(* Let $(A,+,\circ)$ be a skew brace of abelian type (possibly infinite). The following are equivalent: (i) $A$ is $*$-nilpotent; (ii) $A$ is right $*$-nilpotent and $(A,\circ)$ is nilpotent; (iii) $A$ is centrally nilpotent.
   Context: A skew brace is a triple $(A,+,\circ)$ where $(A,+)$ and $(A,\circ)$ are groups (written additively for $+$) such that $x\circ(y+z)=(x\circ y)-x+(x\circ z)$ for all $x,y,z\in A$; the common neutral element is $0$. It is of abelian type if $(A,+)$ is abelian. Let $\lambda_x(y)=-x+(x\circ y)$ and $x*y=\lambda_x(y)-y$; $[x,y]_+=x+y-x-y$. For subsets $X,Y$, $X*Y$ is the subgroup of $(A,+)$ generated by $\{x*y\}$. Left and right series: $A^1=A$, $A^{n+1}=A*A^n$; $A^{(1)}=A$, $A^{(n+1)}=A^{(n)}*A$. $A$ is left (resp. right) $*$-nilpotent if $A^n=0$ (resp. $A^{(n)}=0$) for some $n$, and $*$-nilpotent if both. An ideal is a subgroup $I$ of $(A,+)$ with $\lambda_a(I)\subseteq I$ for all $a\in A$ that is normal in both $(A,+)$ and $(A,\circ)$. The center is $\zeta(A)=\{x\in A: x*y=y*x=[x,y]_+=0\ \forall y\in A\}$. $A$ is centrally nilpotent if there is a chain of ideals $0=I_0\leq\dots\leq I_n=A$ with $I_{j+1}/I_j\leq\zeta(A/I_j)$ for all $j$. *)

theory Defs
  imports "HOL-Algebra.Algebra"
begin

text \<open>A skew brace of abelian type: the additive group is the ambient type
  (of class ab_group_add), the multiplicative group is given by circ.\<close>

definition circ_group :: "('a::ab_group_add \<Rightarrow> 'a \<Rightarrow> 'a) \<Rightarrow> 'a monoid" where
  "circ_group circ = \<lparr>carrier = UNIV, monoid.mult = circ, one = 0\<rparr>"

definition skew_brace_abelian :: "('a::ab_group_add \<Rightarrow> 'a \<Rightarrow> 'a) \<Rightarrow> bool" where
  "skew_brace_abelian circ \<longleftrightarrow> group (circ_group circ) \<and>
     (\<forall>x y z. circ x (y + z) = circ x y - x + circ x z)"

definition lam :: "('a::ab_group_add \<Rightarrow> 'a \<Rightarrow> 'a) \<Rightarrow> 'a \<Rightarrow> 'a \<Rightarrow> 'a" where
  "lam circ x y = - x + circ x y"

definition star :: "('a::ab_group_add \<Rightarrow> 'a \<Rightarrow> 'a) \<Rightarrow> 'a \<Rightarrow> 'a \<Rightarrow> 'a" where
  "star circ x y = lam circ x y - y"

definition add_subgroup :: "'a::ab_group_add set \<Rightarrow> bool" where
  "add_subgroup H \<longleftrightarrow> 0 \<in> H \<and> (\<forall>x\<in>H. \<forall>y\<in>H. x + y \<in> H \<and> - x \<in> H)"

definition add_gen :: "'a::ab_group_add set \<Rightarrow> 'a set" where
  "add_gen S = \<Inter>{H. add_subgroup H \<and> S \<subseteq> H}"

definition star_set :: "('a::ab_group_add \<Rightarrow> 'a \<Rightarrow> 'a) \<Rightarrow> 'a set \<Rightarrow> 'a set \<Rightarrow> 'a set" where
  "star_set circ P Q = add_gen ((\<lambda>(u, v). star circ u v) ` (P \<times> Q))"

text \<open>left_series circ n is A^(n+1) and right_series circ n is A^((n+1)).\<close>
fun left_series :: "('a::ab_group_add \<Rightarrow> 'a \<Rightarrow> 'a) \<Rightarrow> nat \<Rightarrow> 'a set" where
  "left_series circ 0 = UNIV"
| "left_series circ (Suc n) = star_set circ UNIV (left_series circ n)"

fun right_series :: "('a::ab_group_add \<Rightarrow> 'a \<Rightarrow> 'a) \<Rightarrow> nat \<Rightarrow> 'a set" where
  "right_series circ 0 = UNIV"
| "right_series circ (Suc n) = star_set circ (right_series circ n) UNIV"

definition left_star_nilpotent :: "('a::ab_group_add \<Rightarrow> 'a \<Rightarrow> 'a) \<Rightarrow> bool" where
  "left_star_nilpotent circ \<longleftrightarrow> (\<exists>n. left_series circ n = {0})"

definition right_star_nilpotent :: "('a::ab_group_add \<Rightarrow> 'a \<Rightarrow> 'a) \<Rightarrow> bool" where
  "right_star_nilpotent circ \<longleftrightarrow> (\<exists>n. right_series circ n = {0})"

definition star_nilpotent :: "('a::ab_group_add \<Rightarrow> 'a \<Rightarrow> 'a) \<Rightarrow> bool" where
  "star_nilpotent circ \<longleftrightarrow> left_star_nilpotent circ \<and> right_star_nilpotent circ"

fun lower_central :: "('g, 'b) monoid_scheme \<Rightarrow> nat \<Rightarrow> 'g set" where
  "lower_central G 0 = carrier G"
| "lower_central G (Suc n) = generate G
     {x \<otimes>\<^bsub>G\<^esub> y \<otimes>\<^bsub>G\<^esub> inv\<^bsub>G\<^esub> x \<otimes>\<^bsub>G\<^esub> inv\<^bsub>G\<^esub> y | x y. x \<in> carrier G \<and> y \<in> lower_central G n}"

definition nilpotent_group :: "('g, 'b) monoid_scheme \<Rightarrow> bool" where
  "nilpotent_group G \<longleftrightarrow> group G \<and> (\<exists>n. lower_central G n = {\<one>\<^bsub>G\<^esub>})"

definition brace_ideal :: "('a::ab_group_add \<Rightarrow> 'a \<Rightarrow> 'a) \<Rightarrow> 'a set \<Rightarrow> bool" where
  "brace_ideal circ I \<longleftrightarrow> add_subgroup I \<and> (\<forall>a. \<forall>x\<in>I. lam circ a x \<in> I)
     \<and> (\<forall>a. \<forall>x\<in>I. a + x - a \<in> I) \<and> I \<lhd> circ_group circ"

• _What you are asked to do_: Write out the lines above exactly, but only from the one containing "y \<otimes>\<^bsub>G\<^esub> inv\<^bsub>G\<^esub>" through the last one.

• _Solved problem_:
     {x \<otimes>\<^bsub>G\<^esub> y \<otimes>\<^bsub>G\<^esub> inv\<^bsub>G\<^esub> x \<otimes>\<^bsub>G\<^esub> inv\<^bsub>G\<^esub> y | x y. x \<in> carrier G \<and> y \<in> lower_central G n}"

definition nilpotent_group :: "('g, 'b) monoid_scheme \<Rightarrow> bool" where
  "nilpotent_group G \<longleftrightarrow> group G \<and> (\<exists>n. lower_central G n = {\<one>\<^bsub>G\<^esub>})"

definition brace_ideal :: "('a::ab_group_add \<Rightarrow> 'a \<Rightarrow> 'a) \<Rightarrow> 'a set \<Rightarrow> bool" where
  "brace_ideal circ I \<longleftrightarrow> add_subgroup I \<and> (\<forall>a. \<forall>x\<in>I. lam circ a x \<in> I)
     \<and> (\<forall>a. \<forall>x\<in>I. a + x - a \<in> I) \<and> I \<lhd> circ_group circ"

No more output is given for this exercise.